APPLICATION DEFENSES
Applications that perform critical functions or store important data for your organization need to be protected as well. These applications can live almost anywhere in your network at your organization from individual hosts to primary servers or mainframe computers. This is a fairly large and broad area for security as there are many different considerations in how to protect different applications but also for how a SOC would interface with those protection systems. It is important that applications are patched, a SOC that runs regular vulnerability scans should be able to detect when an application is out of date with its patches and escalate that information as a notification to the application owner in order to get it updated. Viruses, shellcode, and other malicious logic can take advantage of your applications and make them do things that they were not supposed to. Being able to detect when application files are inappropriately being modified or when a user keeps trying their password over and over again 1000 time per second are all things that the SOC needs to be on the look out for.
DATA DEFENSE
You have all these layers of defense but it all comes down to the data and the resources storing that data. What kind of protections will you put in place to protect your data? Will you use file and volume encryption on your endpoint devices, secure vaulting on your servers, special group access, or even physical protections? Regardless of how you decide to protect your data, someone has to watch and react to alerts or modify the systems rules as needed.
POLICIES AND PROCEDURES
Although not as technical as a ring like we have just been reviewing, policies and procedures will have large impacts to not only how your SOC operates but also what they are able to do and how they will do it. When you have a web proxy in place to protect your users from going to malicious sites, your SOC needs to review those events to ensure there are no infected systems with malicious software causing systems to access bad websites but your organization may also have policies on what can be download or what an employee is allowed to view on their computer. If you have a policy that says nobody is allowed to research guns and weapons while at work on a work computer then it may be the responsibility of your SOC to catch that and to properly report it to the HR department. There are many other policies and procedures that will impact the operation of your SOC, carefully review what your organization has and see what can be included into the SOC as part of their business objectives and help business controls. The policies and procedures will touch every aspect of not only how the SOC operates but how devices are configured, tuned, and deployed to protect against.
SECURITY ARCHITECTURE
Now that we have talked about some of the enterprise level devices and organizational infrastructure out there that your SOC may be responsible for or get information from we need to talk about how this all comes together. If you were starting off from scratch or if you really need to take a good look at what you have and want to make sure you have the right equipment to protect your network, you would need the help of a security architect. This is someone who understands the needs and goals of the organization and who has a good understanding of where potential weaknesses could be. They will then work to recommend technology or configurations of existing systems to improve the overall security posture of a network. They will work with the larger IT organization to purchase, configure, and install security products that will monitor and protect the infrastructure. The architect should design countermeasures for different types of attacks such as unauthorized user access, data loss, hacking, malware, and many others. It is worth mentioning this role here because it is vital to the organization but will not always be a part of the typical SOC unless you are an MSSP. In many MSSPs, you will indeed find or should find security architects in the SOC. This does not mean that architects cannot be a part of the SOC but they are typically part of a larger security organization and will work along with the SOC to identify areas of weakness or areas that need improvement. These architects need to be responsible for understanding industry standards and best practices and be able to convert those to realistic technical controls. They have to keep up with not only networking trends but also emerging security technology as it relates to your core organizational security needs. They should be able to work effectively to help an organization design, size, and scale security solutions specific to organizational needs on a project by project basis or as part of an overall security strategy. Your architect will know what tools are out there to achieve security goals.

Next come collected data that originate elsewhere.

lemma bernstein_moment_cross_le:
  "bernstein_moment M \<alpha> x (\<lambda>s. s * (s - 1)) * bernstein_moment M \<alpha> x (\<lambda>s. (M - s) * (M - s - 1))
    \<le> (bernstein_moment M \<alpha> x (\<lambda>s. s * (M - s)))\<^sup>2"
proof (rule mult_le_square_of_upper_bounds[OF bernstein_moment_le_integral_binom_shift[OF M lc x]
      _ _ bernstein_moment_prekopa_leindler[OF M lc x]])
  show "0 \<le> (\<integral>s. indicator {1<..<M} s * binom_shift M \<alpha> x (-1) s \<partial>lborel)"
    "0 \<le> (\<integral>s. indicator {0<..<M-1} s * binom_shift M \<alpha> x 1 s \<partial>lborel)"
    using M by (auto intro!: integral_nonneg_AE binom_shift_nonneg[OF M lc x])
  have "1 * bernstein_moment M \<alpha> x (\<lambda>s. s * (M - 1)) = 1 * bernstein_moment M \<alpha> x (\<lambda>s. s * (s - 1))
      + 1 * bernstein_moment M \<alpha> x (\<lambda>s. s * (M - s)) + 0 * bernstein_moment M \<alpha> x (\<lambda>s. (M - s) * (M - s - 1))"
    by (rule bernstein_moment_combination[OF M lc x]) (simp add: algebra_simps)
  moreover have "0 \<le> bernstein_moment M \<alpha> x (\<lambda>s. s * (M - 1))"
    using M by (intro bernstein_moment_nonneg[OF M lc x]) auto
  ultimately show "0 \<le> bernstein_moment M \<alpha> x (\<lambda>s. s * (s - 1)) + bernstein_moment M \<alpha> x (\<lambda>s. s * (M - s))"
    by simp
  have "1 * bernstein_moment M \<alpha> x (\<lambda>s. (M - s) * (M - 1)) = 0 * bernstein_moment M \<alpha> x (\<lambda>s. s * (s - 1))
      + 1 * bernstein_moment M \<alpha> x (\<lambda>s. s * (M - s)) + 1 * bernstein_moment M \<alpha> x (\<lambda>s. (M - s) * (M - s - 1))"
    by (rule bernstein_moment_combination[OF M lc x]) (simp add: algebra_simps)
  moreover have "0 \<le> bernstein_moment M \<alpha> x (\<lambda>s. (M - s) * (M - 1))"
    using M by (intro bernstein_moment_nonneg[OF M lc x]) auto
  ultimately show "0 \<le> bernstein_moment M \<alpha> x (\<lambda>s. (M - s) * (M - s - 1)) + bernstein_moment M \<alpha> x (\<lambda>s. s * (M - s))"
    by simp
  show "0 \<le> bernstein_moment M \<alpha> x (\<lambda>s. s * (M - s))"
    by (intro bernstein_moment_nonneg[OF M lc x]) auto
qed

end

lemma constant_decomposition:
  fixes M s :: real
  shows "M * (M - 1) * 1 = 1 * (s * (s - 1)) + 2 * (s * (M - s)) + 1 * ((M - s) * (M - s - 1))"
  by (simp add: algebra_simps)

lemma bernstein_ratio1_decomposition:
  assumes "0 < x" "x < 1"
  shows "(M - 1) * (x * (1 - x)) * bernstein_ratio1 M s x
    = (- x) * (s * (s - 1)) + (1 - 2 * x) * (s * (M - s)) + (1 - x) * ((M - s) * (M - s - 1))"
proof -
  have "x * (1 - x) * bernstein_ratio1 M s x = (1 - x) * (M - s) - x * s"
    using assms unfolding bernstein_ratio1_def by (simp add: field_simps)
  then have "(M - 1) * (x * (1 - x)) * bernstein_ratio1 M s x = (M - 1) * ((1 - x) * (M - s) - x * s)"
    by (metis mult.assoc)
  then show ?thesis by (simp add: algebra_simps)
qed

lemma bernstein_ratio2_decomposition:
  assumes "0 < x" "x < 1"
  shows "(x * (1 - x))\<^sup>2 * bernstein_ratio2 M s x
    = x\<^sup>2 * (s * (s - 1)) + (- (2 * x * (1 - x))) * (s * (M - s)) + (1 - x)\<^sup>2 * ((M - s) * (M - s - 1))"
proof -
  have distrib: "D\<^sup>2 * (r\<^sup>2 - a - b) = (D * r)\<^sup>2 - D\<^sup>2 * a - D\<^sup>2 * b" for D r a b :: real
    by (simp add: power_mult_distrib algebra_simps)
  have "x * (1 - x) * bernstein_ratio1 M s x = (1 - x) * (M - s) - x * s"
    using assms unfolding bernstein_ratio1_def by (simp add: field_simps)
  moreover have "(x * (1 - x))\<^sup>2 * ((M - s) / x\<^sup>2) = (1 - x)\<^sup>2 * (M - s)"
    "(x * (1 - x))\<^sup>2 * (s / (1 - x)\<^sup>2) = x\<^sup>2 * s"
    using assms by (simp_all add: power_mult_distrib)
  ultimately have "(x * (1 - x))\<^sup>2 * bernstein_ratio2 M s x
      = ((1 - x) * (M - s) - x * s)\<^sup>2 - (1 - x)\<^sup>2 * (M - s) - x\<^sup>2 * s"
    unfolding bernstein_ratio2_def distrib by simp
  then show ?thesis by (simp add: algebra_simps power2_eq_square)
qed

theorem mainTheorem2:
  fixes M :: real and \<alpha> f :: "real \<Rightarrow> real"
  assumes "M > 1"
    and "\<forall>s\<in>{0<..<M}. \<alpha> s \<ge> 0"
    and "log_concave_on {0<..<M} \<alpha>"
    and "\<forall>x\<in>{0<..<1}. f x =
           (LINT s:{0<..<M}|lborel. \<alpha> s * rbinom M s * (1 - x) powr s * x powr (M - s))"
  shows "\<forall>x\<in>{0<..<1}. (M - 1) / M * (deriv f x)\<^sup>2 \<ge> f x * deriv (deriv f) x"
proof
  fix x :: real assume x: "x \<in> {0<..<1}"
  note M = assms(1) and lc = assms(3)
  have f: "f y = bernstein_moment M \<alpha> y (\<lambda>_. 1)" if "y \<in> {0<..<1}" for y
    using assms(4) that set_integral_eq_bernstein_moment[of y M \<alpha>] by simp
  have f': "deriv f y = bernstein_moment M \<alpha> y (\<lambda>s. bernstein_ratio1 M s y)" if "y \<in> {0<..<1}" for y
    by (rule deriv_eq_if_eq_on_open[of "{0<..<1}"])
      (use that f has_real_derivative_bernstein_moment(1)[OF M lc, of y] in auto)
  have f'': "deriv (deriv f) x = bernstein_moment M \<alpha> x (\<lambda>s. bernstein_ratio2 M s x)"
    by (rule deriv_eq_if_eq_on_open[of "{0<..<1}"])
      (use x f' has_real_derivative_bernstein_moment(2)[OF M lc, of x] in auto)
  from x have x01: "0 < x" "x < 1" by auto
  show "(M - 1) / M * (deriv f x)\<^sup>2 \<ge> f x * deriv (deriv f) x"
    unfolding f[OF x] f'[OF x] f''
    by (rule discriminant_inequality[OF M x01
          bernstein_moment_combination[OF M lc x01 constant_decomposition]
          bernstein_moment_combination[OF M lc x01 bernstein_ratio1_decomposition[OF x01]]
          bernstein_moment_combination[OF M lc x01 bernstein_ratio2_decomposition[OF x01]]
          bernstein_moment_cross_le[OF M lc x01]])
qed

end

There is too much security technology that can be implemented at an organization to be covered in this one small chapter. Whether it is the access management system, network-based intrusion system, or core information technology infrastructure, you have to understand the size of the overall infrastructure you are protecting in order to make the right decisions on sizing your security solutions to be implemented. Basic example of this is if you plan to implement an access management system, you need to know how many users you have so that you can install the software on the right sized hardware meaning, memory, hard disk drive, as well as processing power, then you need to buy enough licenses to cover all of your users who will be accessing the system.
Read an excerpt
Download the PDF of chapter three to learn more!
In keeping with the same example when we start to look at the structure required to run your SOC, we also need to know what the expectations are for the SOC in utilizing the implemented organizational security infrastructure. The requirements for your SOC will be very different if your access management system is fully automated opposed to a system where the SOC will be managing access grants and revocations from the system. You also have to consider if the access management system will talk to other systems such as sending logs to an SIEM infrastructure. So, for each IT system implemented in your organization, you need to have an honest and open discussion about what needs to be protected how it is to be protected and what the expectations are for the SOC in protecting those systems. For some companies, this is a standard risk assessment. In many cases, there may be systems where the SOC may not be directly responsible for managing such as a web server, but there may be very real and specific requirements for the SOC to protect that web server from intrusions. Different organizations will employ different technologies for this purpose, all depending on the risk assessment of that device and the organizations desire to protect it. This could mean the implementation of application layer firewalls all the way to just collecting logs in a centralized log management system. But you do not need to boil the ocean when looking at your organizational infrastructure and how it is secured before you set up your SOC. You do, however, need to create a positive forum in your environment in which information technology, security, and business representatives can openly discuss what needs to be protected and what the risks are to an organization compared with the level of security currently being provided for a specific asset. Once you get a good idea about the entire organizational security infrastructure that needs to be either managed, control or utilized by your SOC can you then start to think about what is needed for your SOC in order to perform the job. Even if you think you have everything covered and you were correctly sized in your environment you still need to make sure that you allow enough capacity to grow. You want to make sure that as you develop your security infrastructure you are flexible enough to scale up or even down depending on your company or organizational needs and financial condition.
SIEM/LOG MANAGEMENT
There are a ton of papers and books written on the topic of SIEM or just security event management, whichever you choose to call it. There are also a ton of papers and books written about log management. Since both are very heavily covered topics there is no real reason to cover them in-depth in this book except for the fact that they are critical and extremely functional components to a SOC and deserve a review.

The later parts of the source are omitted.